Menino and Bloomberg Aide Promote Stronger Gun Checks
Gun control advocates, including Boston's mayor and New York City's chief advisor, were on Capitol Hill Tuesday to ask Congress to pass legislation that would tighten gun-buying restrictions.
Gun control advocates were on Capitol Hill Tuesday afternoon to ask members of Congress to pass legislation that would tighten gun-buying restrictions. It was part of the Mayors Against Illegal Guns campaign, led by New York Mayor Michael Bloomberg and Boston Mayor Tom Menino, to make it more difficult for convicted criminals and people found mentally ill from purchasing guns.
Menino and Bloomberg claim that gaps in recordkeeping by local, state and federal government agencies across the country keep important criminal and mental health information out of the background checks firearm sellers are required to make before making a sale. They're calling on Congress to pass a bill, sponsored by Sen. Charles Schumer (D-N.Y.), that would require state and local agencies to share such information with the National Instant Criminal Background Check System, a gun-buying background check system administered by the FBI.

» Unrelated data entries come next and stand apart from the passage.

lemma symmetric_matrix_inv:
  fixes A :: "real^'n^'n"
  assumes "transpose A = A" "invertible A"
  shows "transpose (matrix_inv A) = matrix_inv A"
proof -
  have "transpose (matrix_inv A) ** A = transpose (A ** matrix_inv A)"
    by (simp add: matrix_transpose_mul assms(1))
  then show ?thesis
    using matrix_inv_eq_left_inverse matrix_inv_right[OF assms(2)] by (metis transpose_mat)
qed

lemma pos_def_matrix_inv:
  fixes A :: "real^'n^'n"
  assumes pd: "\<And>x. x \<noteq> 0 \<Longrightarrow> 0 < x \<bullet> (A *v x)" and x: "x \<noteq> 0"
  shows "0 < x \<bullet> (matrix_inv A *v x)"
proof -
  define y where "y = matrix_inv A *v x"
  have x_eq: "x = A *v y"
    using matrix_inv_right[OF invertible_if_pos_def[OF pd]]
    by (simp add: y_def matrix_vector_mul_assoc)
  then have "y \<noteq> 0" using x by auto
  then have "0 < y \<bullet> (A *v y)" by (rule pd)
  also have "y \<bullet> (A *v y) = x \<bullet> (matrix_inv A *v x)"
    by (metis x_eq y_def inner_commute)
  finally show ?thesis .
qed

lemma matrix_vector_mult_diagonal:
  fixes D :: "real^'n^'n"
  assumes "\<And>i j. i \<noteq> j \<Longrightarrow> D$i$j = 0"
  shows "D *v x = (\<chi> i. D$i$i * x$i)"
proof -
  have "(\<Sum>j\<in>UNIV. D$i$j * x$j) = D$i$i * x$i" for i
    by (subst sum.remove[of _ i]) (auto intro!: sum.neutral simp: assms)
  then show ?thesis by (simp add: matrix_vector_mult_def vec_eq_iff)
qed

lemma inner_diagonal_le:
  fixes S :: "real^'n^'n"
  assumes "\<And>i j. i \<noteq> j \<Longrightarrow> S$i$j = 0" "\<And>i. S$i$i \<le> 1"
  shows "x \<bullet> (S *v x) \<le> x \<bullet> x"
proof -
  have "x \<bullet> (S *v x) = (\<Sum>i\<in>UNIV. S$i$i * (x$i * x$i))"
    by (simp add: matrix_vector_mult_diagonal[OF assms(1)] inner_vec_def mult_ac)
  also have "\<dots> \<le> (\<Sum>i\<in>UNIV. x$i * x$i)"
    using mult_right_mono[OF assms(2) zero_le_square] by (intro sum_mono) simp
  finally show ?thesis
    by (simp add: inner_vec_def)
qed

lemma norm_diagonal_matrix_vector_le:
  fixes S :: "real^'n^'n"
  assumes "\<And>i j. i \<noteq> j \<Longrightarrow> S$i$j = 0" "\<And>i. \<bar>S$i$i\<bar> \<le> 1"
  shows "norm (S *v x) \<le> norm x"
proof (rule norm_le_componentwise_cart)
  show "norm ((S *v x) $ i) \<le> norm (x $ i)" for i
    using assms(2)[of i] by (simp add: matrix_vector_mult_diagonal[OF assms(1)] abs_mult mult_left_le_one_le)
qed

lemma norm_matrix_inv_id_plus_pos_def_lt:
  fixes P :: "real^'n^'n"
  assumes P: "\<And>x. x \<noteq> 0 \<Longrightarrow> 0 < x \<bullet> (P *v x)" and "y \<noteq> 0"
  shows "norm (matrix_inv (mat 1 + P) *v y) < norm y"
proof -
  define u where "u = matrix_inv (mat 1 + P) *v y"
  have "invertible (mat 1 + P)"
    using P by (intro invertible_if_pos_def)
      (simp add: matrix_vector_mult_add_rdistrib inner_add_right add_pos_pos)
  then have "y = (mat 1 + P) *v u"
    by (metis u_def matrix_inv_right matrix_vector_mul_assoc matrix_vector_mul_lid)
  then have y: "y = u + P *v u"
    by (simp add: matrix_vector_mult_add_rdistrib)
  then have "u \<noteq> 0" using \<open>y \<noteq> 0\<close> by auto
  then have "norm u * norm u < u \<bullet> y"
    using P[of u] by (simp add: y inner_add_right dot_square_norm power2_eq_square)
  also have "\<dots> \<le> norm u * norm y"
    by (rule norm_cauchy_schwarz)
  finally show ?thesis
    unfolding u_def by (meson mult_left_less_imp_less norm_ge_zero)
qed

section \<open>Neumann series\<close>

lemma matpow_0 [simp]: "matpow A 0 = mat 1"
  by (simp add: matpow_def)

lemma matpow_Suc: "matpow A (Suc m) = A ** matpow A m"
  by (simp add: matpow_def)

lemma onorm_lt_1_if_strict_contraction:
  fixes A :: "real^'n^'n"
  assumes contr: "\<And>x. x \<noteq> 0 \<Longrightarrow> norm (A *v x) < norm x"
  shows "onorm ((*v) A) < 1"
proof -
  have "sphere (0::real^'n) 1 \<noteq> {}"
    using norm_axis_1[of undefined] by force
  moreover have "continuous_on (sphere 0 1) (\<lambda>x. norm (A *v x))"
    by (intro continuous_intros)
  ultimately obtain x0 where x0: "x0 \<in> sphere 0 1"
    and max: "\<And>y. y \<in> sphere 0 1 \<Longrightarrow> norm (A *v y) \<le> norm (A *v x0)"
    using continuous_attains_sup[OF compact_sphere] by blast
  have "norm (A *v x) \<le> norm (A *v x0) * norm x" for x
  proof (cases "x = 0")
    case False
    have "norm (A *v ((1 / norm x) *\<^sub>R x)) \<le> norm (A *v x0)"
      using False by (intro max) auto
    then show ?thesis
      using False by (simp add: matrix_vector_mult_scaleR field_simps)
  qed simp
  then have "onorm ((*v) A) \<le> norm (A *v x0)"
    by (rule onorm_le)
  also have "\<dots> < 1"
    using contr[of x0] x0 by force
  finally show ?thesis .
qed

lemma onorm_matpow_le: "onorm ((*v) (matpow A m)) \<le> onorm ((*v) (A::real^'n^'n)) ^ m"
proof (induction m)
  case 0
  show ?case using onorm_id_le by (simp add: id_def[symmetric] matrix_vector_mul_lid)
next
  case (Suc m)
  have "onorm ((*v) (matpow A (Suc m))) = onorm ((*v) A \<circ> (*v) (matpow A m))"
    by (simp add: matpow_Suc comp_def matrix_vector_mul_assoc)
  also have "\<dots> \<le> onorm ((*v) A) * onorm ((*v) (matpow A m))"
    by (intro onorm_compose matrix_vector_mul_bounded_linear)
  also have "\<dots> \<le> onorm ((*v) A) ^ Suc m"
    using Suc by (simp add: mult_left_mono onorm_pos_le matrix_vector_mul_bounded_linear)
  finally show ?case .
qed

lemma norm_matrix_le_onorm:
  fixes A :: "real^'n^'m"
  shows "norm A \<le> real CARD('m) * real CARD('n) * onorm ((*v) A)"
proof -
  have "norm A \<le> (\<Sum>i\<in>UNIV. norm (A$i))"
    unfolding norm_vec_def by (rule L2_set_le_sum) auto
  also have "\<dots> \<le> (\<Sum>i\<in>(UNIV::'m set). \<Sum>j\<in>(UNIV::'n set). \<bar>A$i$j\<bar>)"
    by (intro sum_mono norm_le_l1_cart)
  also have "\<dots> \<le> (\<Sum>i\<in>(UNIV::'m set). \<Sum>j\<in>(UNIV::'n set). onorm ((*v) A))"
    by (intro sum_mono matrix_component_le_onorm)
  finally show ?thesis by simp
qed

lemma summable_matpow:
  fixes A :: "real^'n^'n"
  assumes "onorm ((*v) A) < 1"
  shows "summable (\<lambda>m. matpow A (Suc m))"
proof (rule summable_comparison_test')
  define C where "C = real CARD('n) * real CARD('n)"
  show "norm (matpow A (Suc m)) \<le> C * onorm ((*v) A) ^ Suc m" for m
  proof -
    have "norm (matpow A (Suc m)) \<le> C * onorm ((*v) (matpow A (Suc m)))"
      unfolding C_def by (rule norm_matrix_le_onorm)
    also have "\<dots> \<le> C * onorm ((*v) A) ^ Suc m"
      unfolding C_def by (intro mult_left_mono onorm_matpow_le) simp
    finally show ?thesis .
  qed
  show "summable (\<lambda>m. C * onorm ((*v) A) ^ Suc m)"
    using assms onorm_pos_le[OF matrix_vector_mul_bounded_linear, of A]
    by (intro summable_mult summable_mult2 summable_geometric) (simp add: abs_of_nonneg)
qed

The bill, also known as the Fix Gun Checks Act of 2011, was the subject of a Senate Judiciary Crime and Terrorism Subcommittee hearing attended by law enforcement officials, advocates on both sides of the issue, and a few survivors of the Tucson shooting in January that left six dead and seriously wounded Ariz. Rep. Gabrielle Giffords. Bloomberg, who was scheduled to testify, was unable to make it; he was represented by Chief Advisor John Feinblatt.
"The tragic fact is, background checks often don't happen," Feinblatt said during his testimony. "If they do, they don't have all the information they should."

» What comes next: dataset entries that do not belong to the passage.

(* Let $\lambda\geqslant\omega$ be a cardinal and $n$ a positive integer, and let $\mathscr{I}_\lambda^n$ carry any Hausdorff topology making it a topological semigroup. Then the Bohr compactification $B(\mathscr{I}_\lambda^n)$ of $\mathscr{I}_\lambda^n$ is a trivial (one-element) semigroup.
   Context: A topological semigroup is a Hausdorff space with a continuous associative multiplication. For a set $X$ of cardinality $\lambda$, $\mathscr{I}(X)$ is the semigroup of all partial one-to-one maps of $X$ (including the empty map) under composition; the rank of $\alpha$ is $|\operatorname{ran}\alpha|$, and $\mathscr{I}_\lambda^n=\{\alpha\in\mathscr{I}(X):\operatorname{rank}\alpha\leqslant n\}$. A Bohr compactification of a topological semigroup $S$ is a pair $(\beta,B(S))$ where $B(S)$ is a compact topological semigroup and $\beta\colon S\to B(S)$ is a continuous homomorphism such that for every continuous homomorphism $g\colon S\to T$ into a compact topological semigroup $T$ there is a unique continuous homomorphism $f\colon B(S)\to T$ with $g=\beta f$ (maps written on the right, so $(s)g=((s)\beta)f$). *)

theory Defs
  imports "HOL-Analysis.Analysis"
begin

text \<open>Maps are written on the right, so the
  product alpha * beta (first alpha, then beta) is beta o_m alpha (map_comp).\<close>

definition partial_bijections :: "'a set \<Rightarrow> ('a \<rightharpoonup> 'a) set" where
  "partial_bijections X = {\<alpha>. dom \<alpha> \<subseteq> X \<and> ran \<alpha> \<subseteq> X \<and> inj_on \<alpha> (dom \<alpha>)}"

definition rank :: "('a \<rightharpoonup> 'a) \<Rightarrow> nat" where
  "rank \<alpha> = card (ran \<alpha>)"

text \<open>The semigroup I_lambda^n of partial bijections of X of rank at most n
  (finite rank is required explicitly since card of an infinite set is 0).\<close>
definition I_rank :: "'a set \<Rightarrow> nat \<Rightarrow> ('a \<rightharpoonup> 'a) set" where
  "I_rank X n = {\<alpha> \<in> partial_bijections X. finite (ran \<alpha>) \<and> rank \<alpha> \<le> n}"

definition I_mult :: "('a \<rightharpoonup> 'a) \<Rightarrow> ('a \<rightharpoonup> 'a) \<Rightarrow> ('a \<rightharpoonup> 'a)" where
  "I_mult \<alpha> \<beta> = \<beta> \<circ>\<^sub>m \<alpha>"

The most controversial part of Schumer's legislation would also tighten gun-buying restrictions for the mentally ill. Current law bars those who have been "adjudicated as mentally ill" from owning firearms, but the language is so vague that many states do not enforce it.
Schumer's bill defines "adjudicated as mentally ill" as those who have been ordered to mental counseling by a "court, commission, or other lawful authority." David Kopel, a constitutional scholar at the University of Denver who testified at Tuesday's hearing, said that language could produce a lot of unintended consequences. For example, victims of rape on a college campus could be ordered by the administration to receive counseling, as could police officers involved in shootings while on duty, he said. The law could be interpreted to bar them from buying firearms.
The bill would also strengthen current laws barring drug addicts from buying guns - it would bar anyone ordered to drug treatment or counseling by a court, regardless of whether they were found guilty or convicted, from purchasing a firearm. Kopel called it an "overreach" of legislative powers, which Schumer shrugged off.
"[People] can't be ordered to counseling willy-nilly," Schumer said. "You can't be ordered into counseling very easily."
After the hearing, Mayor Menino joined Schumer, Democratic Rep. Carolyn McCarthy of New York (who sponsored a similar bill to Schumer's in the House), and gun control advocates for a press conference outside the hearing room. McCarthy talked about a related bill she's sponsoring in the House, which would require background checks for people purchasing weapons at gun shows.